== Segment start ==

lemma subquotient_concentrated:
  assumes GP: "graded_vs sP GP" and sq: "is_subquotient sA GA sP GP m l sQ GQ mQ pi"
  shows "concentrated GQ l"
  unfolding concentrated_def
proof (intro allI impI)
  fix k assume "k \<noteq> l"
  have mP: "module sP" by (rule graded_vs_module[OF GP])
  have ker: "\<And>x. x \<in> degfilt sP GP l \<Longrightarrow> pi x = 0 \<longleftrightarrow> x \<in> degfilt sP GP (l - 1)"
    and img: "pi ` (GP k \<inter> degfilt sP GP l) = GQ k"
    using sq unfolding is_subquotient_def by blast+
  have zero: "0 \<in> GP k \<inter> degfilt sP GP l"
    using graded_vs_zero[OF GP] module.subspace_0[OF mP subspace_degfilt[OF GP]] by blast
  have "pi x = 0" if "x \<in> GP k \<inter> degfilt sP GP l" for x
  proof (cases "k < l")
    case True
    then show ?thesis using that ker graded_vs_subset_degfilt[OF GP, of k "l - 1"] by auto
  next
    case False
    then have "x = 0" using that \<open>k \<noteq> l\<close> degfilt_inter_above[OF GP] by auto
    then show ?thesis using ker zero module.subspace_0[OF mP subspace_degfilt[OF GP]] by auto
  qed
  then have "pi ` (GP k \<inter> degfilt sP GP l) = {0}" using zero by force
  then show "GQ k = {0}" using img by simp
qed
lemma right_decision_rate_ge:
  defines "\<alpha> \<equiv> measure_pmf.prob p Xin"
  shows "\<alpha> * (correct_bound - rival_bound) + (1 - \<alpha>) * (1 - rival_bound)
           \<le> right_decision_rate (ens_dist p Q M) Xin sx ens"
proof -
  have "\<alpha> * (correct_bound - rival_bound)
          \<le> measure_pmf.prob (ens_dist p Q M) {(x, v). x \<in> Xin \<and> ens x v = Some (sx x)}"
    unfolding \<alpha>_def by (rule prob_ens_dist_ge) (rule prob_correct_ge)
  moreover have "measure_pmf.prob p (- Xin) * (1 - rival_bound) \<le> measure_pmf.prob (ens_dist p Q M)
                   {(x, v). x \<in> - Xin \<and> (ens x v = Some (sx x) \<or> ens x v = None)}"
    by (rule prob_ens_dist_ge) (rule prob_answer_or_skip_ge)
  moreover have "measure_pmf.prob p (- Xin) = 1 - \<alpha>"
    unfolding \<alpha>_def using measure_pmf.prob_compl[of Xin p] by (simp add: Compl_eq_Diff_UNIV)
  ultimately show ?thesis
    unfolding right_decision_rate_def by simp
qed

lemma rival_bound_lt: "rival_bound < ood_error_bound M (card S) \<tau>"
  unfolding rival_bound_def using rival_bound_lt_ood_error_bound card_S_ge K_less_M threshold .

end

theorem theorem1:
  fixes S :: "'s set" and p :: "'x pmf" and Xin :: "'x set" and sx :: "'x \<Rightarrow> 's"
    and Q :: "'x \<Rightarrow> nat \<Rightarrow> 's pmf" and M :: nat and \<tau> :: real and K :: nat
    and \<beta> :: "nat \<Rightarrow> real" and ens :: "'x \<Rightarrow> (nat \<Rightarrow> 's) \<Rightarrow> 's option"
  defines "N \<equiv> card S"
    and "D \<equiv> ens_dist p Q M"
    and "\<alpha> \<equiv> measure_pmf.prob p Xin"
    and "\<beta>min \<equiv> Min (\<beta> ` {..<M})"
    and "\<beta>max \<equiv> Max (\<beta> ` {..<M})"
  assumes S_fin: "finite S" and N_ge: "N \<ge> 2"
    and sx_S: "\<forall>x. sx x \<in> S"
    and Q_S: "\<forall>x. \<forall>i<M. set_pmf (Q x i) \<subseteq> S"
    and tau: "0 < \<tau>" "\<tau> \<le> 1"
    and K: "K \<ge> 1" "real M * (1 - \<tau>) = real K"
    and beta_def: "\<forall>i<M. measure_pmf.prob D {(x, v). x \<in> Xin \<and> v i = sx x} = \<beta> i * \<alpha>"
    and A1: "\<beta>min > 1 / real N"
    and A2: "\<forall>i<M. \<forall>x\<in>set_pmf p. x \<in> Xin \<longrightarrow>
               (\<forall>s\<in>S. s \<noteq> sx x \<longrightarrow> pmf (Q x i) s = (1 - \<beta> i) / (real N - 1))"
    and A3: "\<forall>i<M. \<forall>x\<in>set_pmf p. x \<notin> Xin \<longrightarrow> (\<forall>s\<in>S. pmf (Q x i) s = 1 / real N)"
    and ens: "ensolver_spec S M \<tau> ens"
  shows "right_decision_rate D Xin sx ens >
           \<alpha> * (\<Sum>i = K + 1..M. real (M choose i) * \<beta>min ^ i * (1 - \<beta>max) ^ (M - i))
           + (1 - \<alpha>) - ood_error_bound M N \<tau>"
proof -
  interpret ensolver_setting S p Xin sx Q M \<tau> K \<beta> ens
    using S_fin N_ge sx_S Q_S tau(1) K A1 A2 A3 ens unfolding N_def \<beta>min_def by unfold_locales auto
  show ?thesis
    using right_decision_rate_ge rival_bound_lt
    unfolding correct_bound_def D_def \<alpha>_def \<beta>min_def \<beta>max_def N_def by (simp add: algebra_simps)
qed

end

== Segment end ==

- _ASSIGNED TASK_
Whenever a line of the data includes the word "moreover", show that line in full.

- _OUTPUT OF THE EXERCISE_
  moreover have "measure_pmf.prob p (- Xin) * (1 - rival_bound) \<le> measure_pmf.prob (ens_dist p Q M)
  moreover have "measure_pmf.prob p (- Xin) = 1 - \<alpha>"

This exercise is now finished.